Installieren Sie abschließend die MEA auf dem Aufnahme-Setup. Fügen Sie anschließend 300 Mikroliter der extrazellulären Lösung hinzu und warten Sie 10 Minuten, damit sich das System stabilisieren kann, bevor Sie aufnehmen. Zeichnen Sie nun die spontane Aktivität von allen Elektroden zwei Minuten lang auf und identifizieren Sie die aktiven Elektroden.

Identifizieren Sie dann die Elektroden, die auf die Stimulation reagieren. Um das Stimulationsartefakt auszuschließen, stimulieren Sie 10 Mal von derselben Elektrode. Wenn die Kultur mindestens acht von zehn Mal reagiert, kann davon ausgegangen werden, dass es sich um eine positive Reaktion auf eine elektrodeninduzierte Stimulation handelt.

Um ein Hintergrundrauschen zu identifizieren, wenden Sie TTX in einer Konzentration von einem Mikromolar auf die Kultur an, um die spannungsgesteuerten Natriumkanäle zu blockieren, und nehmen Sie dann zwei Minuten lang auf. Hier sind die Spuren der Originalaufnahmen von sechs von 63 Elektroden, die spontane Aktivität zeigen, und dies ist das Rasterdiagramm der sechs Elektroden nach der Spike-Detektion. Jeder Balken steht für ein Aktionspotential.

Dieses Rasterdiagramm enthält alle aktiven Elektroden. Die Aktivitäten werden von 63 Elektroden für zwei Minuten aufgezeichnet. Diese Abbildung zeigt, dass ein biphasischer Stimulus mit einer Gesamtdauer von 80 Mikrosekunden und einer Amplitude von 80 Mikroampere für die Kulturstimulation von einer Elektrode verwendet wurde.

Dieses repräsentative Beispiel für Rohdatenspuren zeigt die Aktionspotentiale, alle ohne Reaktionen nach Stimulation. Und hier ist die spiralförmige Ganglienkultur auf den MEAs, die am Ende des Experiments für den neuronalen Marker TUJ immungefärbt wurden, um die neuronale Abdeckung des Elektrodenbereichs zu visualisieren. Die für die Stimulation verwendete Elektrode ist grün und die ansprechenden Elektroden rot gekennzeichnet.

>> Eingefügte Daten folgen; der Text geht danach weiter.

(* Let $A\in \mathrm{Mat}_{m\times n}(\mathbb{C})$ have rank $r\ge 1$, let $A^+$ be its Moore–Penrose pseudoinverse (if $A=U\Sigma V^*$ is a thin singular value decomposition with $\Sigma=\mathrm{diag}(\sigma_1,\dots,\sigma_r)$, then $A^+=V\Sigma^{-1}U^*$), let $\mathbb{U}\subseteq\mathbb{C}^m$ be the column space of $A$ and $\mathbb{V}\subseteq\mathbb{C}^n$ the column space of $A^T$. Then the decomposition locus of $A$ is \[ \mathcal{D}_A=\{(\mathbf{u},\mathbf{v})\in \mathbb{U}\times\mathbb{V} \;:\; \mathbf{v}^T A^+\mathbf{u}\neq 0\}. \]
   Context: A matrix $A\in\mathbb{C}^m\otimes\mathbb{C}^n$ is identified with a tensor, and $\mathbf{u}\otimes\mathbf{v}$ with the rank-one matrix $\mathbf{u}\mathbf{v}^T$. The rank $\mathrm{rk}(T)$ of a tensor $T\in\mathbb{C}^{n_1}\otimes\cdots\otimes\mathbb{C}^{n_k}$ is the minimal $r$ such that $T$ is a sum of $r$ tensors of the form $\mathbf{v}^1\otimes\cdots\otimes\mathbf{v}^k$. The decomposition locus of $T$ is $\mathcal{D}_T=\{(\mathbf{v}^1,\dots,\mathbf{v}^k)\in\mathbb{C}^{n_1}\times\cdots\times\mathbb{C}^{n_k} : \mathrm{rk}(T-\lambda\,\mathbf{v}^1\otimes\cdots\otimes\mathbf{v}^k)=\mathrm{rk}(T)-1 \text{ for some }\lambda\in\mathbb{C}\}$; the forbidden locus $\mathcal{F}_T$ is its complement. *)

theory Defs
  imports "Jordan_Normal_Form.Schur_Decomposition"
begin

text \<open>Matrices are JNF matrices of type complex mat; a vector u in C^m is a complex vec in
  carrier_vec m.  The tensor u (x) v is the rank-one matrix u v^T.\<close>

definition outer :: "complex vec \<Rightarrow> complex vec \<Rightarrow> complex mat" where
  "outer u v = mat (dim_vec u) (dim_vec v) (\<lambda>(i,j). u $ i * v $ j)"

definition tensor_rank :: "complex mat \<Rightarrow> nat" where
  "tensor_rank A = (LEAST r. \<exists>us vs.
      (\<forall>k<r. us k \<in> carrier_vec (dim_row A) \<and> vs k \<in> carrier_vec (dim_col A)) \<and>
      A = mat (dim_row A) (dim_col A) (\<lambda>(i,j). \<Sum>k<r. (outer (us k) (vs k)) $$ (i,j)))"

definition decomposition_locus :: "complex mat \<Rightarrow> (complex vec \<times> complex vec) set" where
  "decomposition_locus A = {(u,v). u \<in> carrier_vec (dim_row A) \<and> v \<in> carrier_vec (dim_col A) \<and>
      (\<exists>c::complex. tensor_rank (A - c \<cdot>\<^sub>m outer u v) = tensor_rank A - 1)}"

definition forbidden_locus :: "complex mat \<Rightarrow> (complex vec \<times> complex vec) set" where
  "forbidden_locus A = (carrier_vec (dim_row A) \<times> carrier_vec (dim_col A)) - decomposition_locus A"

definition column_space :: "complex mat \<Rightarrow> complex vec set" where
  "column_space A = {A *\<^sub>v x | x. x \<in> carrier_vec (dim_col A)}"

definition is_pinv_svd :: "complex mat \<Rightarrow> complex mat \<Rightarrow> bool" where
  "is_pinv_svd A P = (\<exists>r U V \<sigma>.
      U \<in> carrier_mat (dim_row A) r \<and> V \<in> carrier_mat (dim_col A) r \<and>
      mat_adjoint U * U = 1\<^sub>m r \<and> mat_adjoint V * V = 1\<^sub>m r \<and>
      (\<forall>i<r. \<sigma> i > (0::real)) \<and>
      A = U * mat r r (\<lambda>(i,j). if i = j then complex_of_real (\<sigma> i) else 0) * mat_adjoint V \<and>
      P = V * mat r r (\<lambda>(i,j). if i = j then complex_of_real (1 / \<sigma> i) else 0) * mat_adjoint U)"

end

theory Submission
  imports Defs
begin

text \<open>
  A linear
  relation with a nonzero coefficient among the \<open>v\<^sub>k\<close> (or among the \<open>u\<^sub>k\<close>) lets one term be
  absorbed into the others. Hence in a minimal decomposition every \<open>u\<^sub>k\<close> is fixed by \<open>A P\<close> for
  any generalized inverse \<open>P\<close> (\<open>A P A = A\<close>), i.e. lies in the column space.

  If \<open>rk (A - c u v\<^sup>T) = rk A - 1\<close>, then appending \<open>(c u, v)\<close> to a minimal decomposition of
  \<open>A - c u v\<^sup>T\<close> gives a minimal one of \<open>A\<close>, so \<open>u\<close> and \<open>v\<close> lie in the column spaces. Writing
  \<open>v = A\<^sup>T b\<close>, one has \<open>v\<^sup>T P u = b\<^sup>T u\<close>, and \<open>b\<^sup>T u = 0\<close> would give
  \<open>(I + c u b\<^sup>T) (A - c u v\<^sup>T) = A\<close>, contradicting the rank drop. Conversely, if \<open>u = A a\<close> and
  \<open>b\<^sup>T u \<noteq> 0\<close>, then \<open>I - u b\<^sup>T / b\<^sup>T u\<close> annihilates \<open>u\<close> and maps \<open>A\<close> to
  \<open>A - u v\<^sup>T / b\<^sup>T u\<close>, whose rank is therefore smaller.
\<close>

definition is_outer_decomp ::
    "complex mat \<Rightarrow> 'i set \<Rightarrow> ('i \<Rightarrow> complex vec) \<Rightarrow> ('i \<Rightarrow> complex vec) \<Rightarrow> bool" where
  "is_outer_decomp A K us vs \<longleftrightarrow> finite K \<and>
    (\<forall>k\<in>K. us k \<in> carrier_vec (dim_row A) \<and> vs k \<in> carrier_vec (dim_col A)) \<and>
    (\<forall>i<dim_row A. \<forall>j<dim_col A. A $$ (i,j) = (\<Sum>k\<in>K. us k $ i * vs k $ j))"

lemma index_outer [simp]:
  "i < dim_vec u \<Longrightarrow> j < dim_vec v \<Longrightarrow> outer u v $$ (i,j) = u $ i * v $ j"
  by (simp add: outer_def)

lemma dim_row_outer [simp]: "dim_row (outer u v) = dim_vec u"
  by (simp add: outer_def)

lemma dim_col_outer [simp]: "dim_col (outer u v) = dim_vec v"
  by (simp add: outer_def)

lemma outer_carrier [simp]:
  "u \<in> carrier_vec m \<Longrightarrow> v \<in> carrier_vec n \<Longrightarrow> outer u v \<in> carrier_mat m n"
  by (intro carrier_matI) auto

lemma row_outer: "i < dim_vec u \<Longrightarrow> row (outer u v) i = u $ i \<cdot>\<^sub>v v"
  by (intro eq_vecI) simp_all

lemma outer_mult_vec:
  assumes "w \<in> carrier_vec (dim_vec v)"
  shows "outer u v *\<^sub>v w = (v \<bullet> w) \<cdot>\<^sub>v u"
proof -
  have "dim_vec w = dim_vec v" using assms by (rule carrier_vecD)
  then show ?thesis by (intro eq_vecI) (simp_all add: row_outer mult.commute)
qed

lemma outer_mult_mat:
  assumes B: "B \<in> carrier_mat (dim_vec v) n"
  shows "outer u v * B = outer u (transpose_mat B *\<^sub>v v)"
proof (rule eq_matI)
  fix i l assume "i < dim_row (outer u (transpose_mat B *\<^sub>v v))"
    and "l < dim_col (outer u (transpose_mat B *\<^sub>v v))"
  then have i: "i < dim_vec u" and l: "l < n" using B by auto
  have "v \<bullet> col B l = col B l \<bullet> v"
    using B l by (intro comm_scalar_prod[of _ "dim_vec v"]) auto
  then show "(outer u v * B) $$ (i,l) = outer u (transpose_mat B *\<^sub>v v) $$ (i,l)"
    using i l B by (simp add: row_outer)
qed (use B in auto)

lemma smult_outer: "c \<cdot>\<^sub>m outer u v = outer (c \<cdot>\<^sub>v u) v"
  by (intro eq_matI) (simp_all add: mult.assoc)

lemma transpose_outer: "transpose_mat (outer u v) = outer v u"
  by (intro eq_matI) (simp_all add: mult.commute)

lemma tensor_rank_Least_outer_decomp:
  "tensor_rank A = (LEAST r. \<exists>us vs. is_outer_decomp A {..<r} us vs)"
proof -
  have "(\<forall>k<r. us k \<in> carrier_vec (dim_row A) \<and> vs k \<in> carrier_vec (dim_col A)) \<and>
      A = mat (dim_row A) (dim_col A) (\<lambda>(i,j). \<Sum>k<r. outer (us k) (vs k) $$ (i,j)) \<longleftrightarrow>
    is_outer_decomp A {..<r} us vs" for r :: nat and us vs
  proof (cases "\<forall>k<r. us k \<in> carrier_vec (dim_row A) \<and> vs k \<in> carrier_vec (dim_col A)")
    case True
    have "outer (us k) (vs k) $$ (i,j) = us k $ i * vs k $ j"
      if "k < r" "i < dim_row A" "j < dim_col A" for k i j
    proof -
      have "dim_vec (us k) = dim_row A" "dim_vec (vs k) = dim_col A"
        using True that(1) by (auto intro: carrier_vecD)
      then show ?thesis using that(2,3) by simp
    qed
    then have "mat (dim_row A) (dim_col A) (\<lambda>(i,j). \<Sum>k<r. outer (us k) (vs k) $$ (i,j)) =
        mat (dim_row A) (dim_col A) (\<lambda>(i,j). \<Sum>k<r. us k $ i * vs k $ j)"
      by (intro cong_mat refl) auto
    with True show ?thesis by (auto simp: is_outer_decomp_def mat_eq_iff)
  next
    case False
    then show ?thesis by (auto simp: is_outer_decomp_def)
  qed
  then show ?thesis unfolding tensor_rank_def by simp
qed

Einmal gemeistert, kann diese Technik in 50 Minuten durchgeführt werden, wenn sie richtig ausgeführt wird. Obwohl diese Methoden Einblicke in die Elektrophysiologie von Spiralganglienneuronen geben können, können sie auch auf andere Systeme wie Gehirn- oder Rückenmarkskulturen angewendet werden. Nach der Entwicklung ebnet diese Technik den Weg für Forscher auf dem Gebiet der Materialwissenschaften und Nanotechnologie, der schnellen Oberflächenmodifikation von Elektroden zur neuronalen Aufzeichnung und Stimulation

Nachdem Sie sich dieses Video angesehen haben, sollten Sie ein gutes Verständnis dafür haben, wie Sie elektrophysiologische Aktivität kultivieren und aufzeichnen können, indem Sie ein Neuronenexplantat auf Multielektrodenarrays anordnen.